Thanks for your support！ We do really appreciate that!


----------



## GimbalCam (Nov 29, 2017)

*Thanks for your support!*



basser said:


> this technically classifies as spam but it's actually good haha


Thanks for your kind support!
I am trying to convince you guys this is not a spam.I read the "Posting Survey and Advertising" posted by the administrator so carefully, just as he mentioned:" If you want to open a thread to point people to your SNOWBOARDING RELATED product or company, that's ok." I just opened one thread in Outerwear and Accessories section and I didn't "bump" my thread every day with the irrelated advertisement. I know this is a professional community and you guys are trying to protect this community.
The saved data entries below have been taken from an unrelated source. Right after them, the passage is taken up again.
(* Assume $V$ satisfies (V.1) and (V.2). Then $\mathrm{dom}(|\Delta|^{1/2})\cap\mathrm{dom}((|V|_{\mathrm{eff}})^{1/2})=\mathrm{dom}(|\Delta|^{1/2})\cap\mathrm{dom}(|V_{\mathrm{eff}}|^{1/2})$ as subspaces of $L^2(\mathbb{R}^d)$.
   Context: Let $d\ge2$, $\hbar,m,\epsilon_0>0$, $q\in\mathbb{R}\setminus\{0\}$, $\omega:\mathbb{R}^d\to[0,\infty)$ Borel with $\omega>0$ a.e., and $\hat\rho:\mathbb{R}^d\to\mathbb{R}$ Borel, radial, with $\hat\rho/\omega^{1/2},\hat\rho/\omega^{3/2}\in L^2(\mathbb{R}^d)\setminus\{0\}$. Set $a:=\frac{d-1}{4d}\frac{\hbar q^2}{\epsilon_0m^2}\int\frac{|\hat\rho(\boldsymbol{k})|^2}{\omega(\boldsymbol{k})^3}d\boldsymbol{k}$. For Borel $W$ satisfying (V.2), $W_{\mathrm{eff}}(\boldsymbol{x}):=(4\pi a)^{-d/2}\int W(\boldsymbol{y})e^{-|\boldsymbol{x}-\boldsymbol{y}|^2/(4a)}d\boldsymbol{y}$; $|V|_{\mathrm{eff}}$ is this applied to $|V|$, and $|V_{\mathrm{eff}}|$ is the absolute value of $V_{\mathrm{eff}}$. Domains $\mathrm{dom}(F^{1/2})$ for a non-negative function $F$ refer to the maximal multiplication operator. Conditions on Borel $V:\mathbb{R}^d\to\mathbb{R}$: (V.1) either (V.1-1) $|V|$ is infinitesimally form-bounded w.r.t. $-\Delta$, or (V.1-2) $V$ is bounded from below; (V.2) $\int|V(\boldsymbol{x})|e^{-t|\boldsymbol{x}|^2}d\boldsymbol{x}<\infty$ for all $t>0$. *)

theory Defs
  imports "HOL-Analysis.Analysis"
begin

definition L2 :: "('a::euclidean_space \<Rightarrow> complex) set" where
  "L2 = {f. f \<in> borel_measurable lborel \<and> integrable lborel (\<lambda>x. (cmod (f x))^2)}"

text \<open>Domain of the maximal multiplication operator F^(1/2), F \<ge> 0.\<close>
definition dom_mult_sqrt :: "('a::euclidean_space \<Rightarrow> real) \<Rightarrow> ('a \<Rightarrow> complex) set" where
  "dom_mult_sqrt F = {f \<in> L2. (\<integral>\<^sup>+x. ennreal (F x * (cmod (f x))^2) \<partial>lborel) < \<infinity>}"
I understand and respect you guys.


----------



## GimbalCam (Nov 29, 2017)

*Thanks for your support!*



16gkid said:


> If members want to see the content and its only posted once, is it really spam?


Thanks for your support again!

I think I did follow the rules. I just open one thread in Outwear and Accessories section and also I just posted it once.


----------



## wrathfuldeity (Oct 5, 2007)

Thank god you didn't ask for feedback or a survey...however you were not able to respond to a simple request to authentically demonstrate your "awesome" product and thus failed. @chomps1211 is kicking butts, in part because of his past experience of being a professional photog. And be thankful that BA didn't rip you a new one. 
OP welcome to the world.
wrath


----------



## chomps1211 (Mar 30, 2011)

GimbalCam said:


> .....I read the "Posting Survey and Advertising" posted by the administrator so carefully, just as he mentioned:" If you want to open a thread to point people to your SNOWBOARDING RELATED product or company, that's ok."
> 
> .....I just opened one thread in Outerwear and Accessories section and I didn't "bump" my thread every day with the irrelated advertisement. I know this is a professional community and you guys are trying to protect this community. I understand and respect you guys.
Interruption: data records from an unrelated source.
(* Let $(P,e)$, $P\in\mathcal{T}_k$, be a friendly tree pattern, let $\sigma(P,e)=(\tau(P),C)$ be its associated mesh pattern, let $i$ be the position of the largest value $k$ in $\tau(P)$, and let $\sigma^-(P,e)=(\tau(P),C\setminus\{(i-1,k)\})$. Then the mesh pattern $\sigma^-(P,e)$ is tame.
   Context: Binary trees: $\mathcal{T}_k$ is the set of binary trees on $k$ vertices labeled $1,\dots,k$ by the search tree property (left-subtree vertices of $i$ smaller, right-subtree vertices larger). $c_L(i),c_R(i),p(i)$: left child, right child, parent ($\varepsilon$ if nonexistent); $r(P)$ the root; $P(i)$ the subtree rooted at $i$; $L(i),R(i)$ the subtrees rooted at $c_L(i),c_R(i)$. $B_R(i)=\{i,c_R(i),c_R^2(i),\dots\}$ is the vertex set of the right branch starting at $i$; $B_R^-(i)$ is $B_R(i)$ minus its last vertex. A tree pattern is $(P,e)$ with $e\colon[k]\setminus\{r(P)\}\to\{0,1\}$. The preorder permutation is $\tau(\varepsilon)=$ empty, $\tau(P)=(r(P),\tau(L(P)),\tau(R(P)))$. $(P,e)$ is friendly if: (i) $p(k)\neq\varepsilon$ and $c_L(k)\neq\varepsilon$; (ii) $e(j)=0$ for all $j\in B_R^-(r(P))\setminus\{r(P)\}$; (iii) if $e(k)=1$ then $e(c_L(k))=0$. Mesh patterns: a mesh pattern is $(\tau,C)$, $\tau\in S_k$, $C\subseteq\{0,\dots,k\}^2$. With $G(\pi)=\{(j,\pi(j))\}$, $\pi\in S_n$ contains $(\tau,C)$ if there are indices $\nu_1<\dots<\nu_k$ with $\pi(\nu_1),\dots,\pi(\nu_k)$ order-isomorphic to $\tau$ and, for $\lambda_1<\dots<\lambda_k$ these values sorted and $\nu_0=\lambda_0=0$, $\nu_{k+1}=\lambda_{k+1}=n+1$, $G(\pi)\cap((\nu_a,\nu_{a+1})\times(\lambda_b,\lambda_{b+1}))=\emptyset$ for all $(a,b)\in C$. $S_n(\sigma)$ denotes the permutations of $[n]$ avoiding $\sigma$. $\sigma(P,e)$: with $\rho=\tau(P)^{-1}$, $C_j=\{(\rho(j)-1,m):m\in B_R^-(j)\}$ for $j\in[k]$, and for non-root $j$, $C_j'=\emptyset$ if $e(j)=0$, $C_j'=\{(\rho(j)-1,\min P(j)-1),(\rho(j)-1,\max P(j))\}$ if $e(j)=1$; $\sigma(P,e)=(\tau(P),\bigcup_j C_j\cup\bigcup_j C_j')$. Tameness: for $\pi\in S_{n-1}$ and $1\le j\le n$, $c_j(\pi)\in S_n$ inserts the value $n$ at position $j$; for $\pi\in S_n$, $p(\pi)\in S_{n-1}$ removes the value $n$. $L_n\subseteq S_n$ is a zigzag language if either $n=0$ and $L_0=\{\varepsilon\}$, or $n\ge1$, $L_{n-1}:=\{p(\pi):\pi\in L_n\}$ is a zigzag language, and $c_1(\pi),c_n(\pi)\in L_n$ for all $\pi\in L_{n-1}$. A sequence $L_0,L_1,\dots$ is hereditary if $L_{n-1}=p(L_n)$ for all $n\ge1$. A pattern $\sigma$ is tame if $S_n(\sigma)$, $n\ge0$, is a hereditary sequence of zigzag languages. *)

theory Defs
  imports "HOL-Library.Tree"
begin

text \<open>T_k: binary trees on k vertices labelled 1..k by the search tree property,
  i.e. the in-order reading of the labels is 1,2,...,k.\<close>
definition trees :: "nat \<Rightarrow> nat tree set" where
  "trees k = {P. inorder P = [1..<k+1]}"

fun root_opt :: "nat tree \<Rightarrow> nat option" where
  "root_opt Leaf = None"
| "root_opt (Node l a r) = Some a"

fun subtree_at :: "nat tree \<Rightarrow> nat \<Rightarrow> nat tree" where
  "subtree_at Leaf i = Leaf"
| "subtree_at (Node l a r) i =
     (if i = a then Node l a r else if i < a then subtree_at l i else subtree_at r i)"

fun lsub :: "nat tree \<Rightarrow> nat tree" where
  "lsub Leaf = Leaf" | "lsub (Node l a r) = l"
fun rsub :: "nat tree \<Rightarrow> nat tree" where
  "rsub Leaf = Leaf" | "rsub (Node l a r) = r"

text \<open>Left child, right child (None plays the role of epsilon).\<close>
definition cL :: "nat tree \<Rightarrow> nat \<Rightarrow> nat option" where
  "cL P i = root_opt (lsub (subtree_at P i))"
definition cR :: "nat tree \<Rightarrow> nat \<Rightarrow> nat option" where
  "cR P i = root_opt (rsub (subtree_at P i))"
Apparently you didn't read the rules _quite_ close enough....

_".....Don't drop irrelevant posts into multiple existing threads pointing out your company or thread. *Be prepared for a little bit of abuse in any case. *Be a contributing member, not just a free-advertiser. It is ok to have a link to your SNOWBOARDING RELATED company web page in your signature."_

(... @wrathfuldeity, I got your page!)  >


----------



## ctoma (Aug 9, 2011)

Well GimbalCam/Wendi, you can redeem yourself by posting a similar side-by-side video, although instead of skiing how about a video of you jumping on a trampoline in lingerie? Or take that GimbalCam underwater and let's see some footage of you in the hot tub? That will appease at least 7% of the people here.


----------



## jerry gnarcia (Feb 11, 2017)

GimbalCam, why did you lie in the other thread and say you are Wendi Bauer from Pennsylvania? Fake footage, fake name, fake CES award, your scammy company is not going anywhere.

Why don't you tell us which patent you supposedly got? I am going to guess that is a lie too.



ctoma said:


> Well GimbalCam/Wendi, you can redeem yourself by posting a similar side-by-side video, although instead of skiing how about a video of you jumping on a trampoline in lingerie? Or take that GimbalCam underwater and let's see some footage of you in the hot tub? That will appease at least 7% of the people here.


This is not at all appropriate even for a scammer, have some respect for women.


----------



## chomps1211 (Mar 30, 2011)

ctoma said:


> Well GimbalCam/Wendi, you can redeem yourself by posting a similar side-by-side video, although instead of skiing how about a video of you jumping on a trampoline in lingerie? Or take that GimbalCam underwater and let's see some footage of you in the hot tub? That will appease at least 7% of the people here.





jerry gnarcia said:


> GimbalCam, why did you lie in the other thread and say you are Wendi Bauer from Pennsylvania?
> 
> ....This is not at all appropriate even for a scammer, have some respect for women.


Dude,... I appreciate you having my back earlier, but I have to disagree with you on this one. As it's stated in the rulez,... * "You have NO IDEA what verbal abuse is and Normal rules of moderating abuse do not apply to said rule breakers!"* 

I agree with @ctoma, if she wants to redeem herself, she can even make it SBF relevant!!! She can get herself a _Tramp Board_ to bounce on the trampoline in her lingerie!!! Show us exactly what kind of a "Board Tramp" she can be!!! :wink: :laugh:

Seriously tho... Young, old, Male, Female, straight, gay, transgender, hippy left wing commie pinko,... Right wing, web toed, inbred ******* gun nut,..? All are welcome here,... *Unless* they're Spammers! 

Then we'll hit *EVERY* hot button, soft underbelly issue they care to expose to us. >

You wanna see "Inappropriate??" 

Do a forum search for "Folding Snowboard" and see what we did to the *Poar Widdew Skool Gurl* who decided to post a survey & get snarky with us about da rulez!!! :blink: :rofl3:


----------



## jerry gnarcia (Feb 11, 2017)

Verbal abuse is fine, but I think there are enough ways to flame somebody without making it sexually degrading. It's just not a good look if you're over 16 and not on 4chan.


----------



## ctoma (Aug 9, 2011)

jerry gnarcia said:


> Verbal abuse is fine, but I think there are enough ways to flame somebody without making it sexually degrading. It's just not a good look if you're over 16 and not on 4chan.


Easy Jerry, I'll put on the Golden Girls for you while you gum your oatmeal.


----------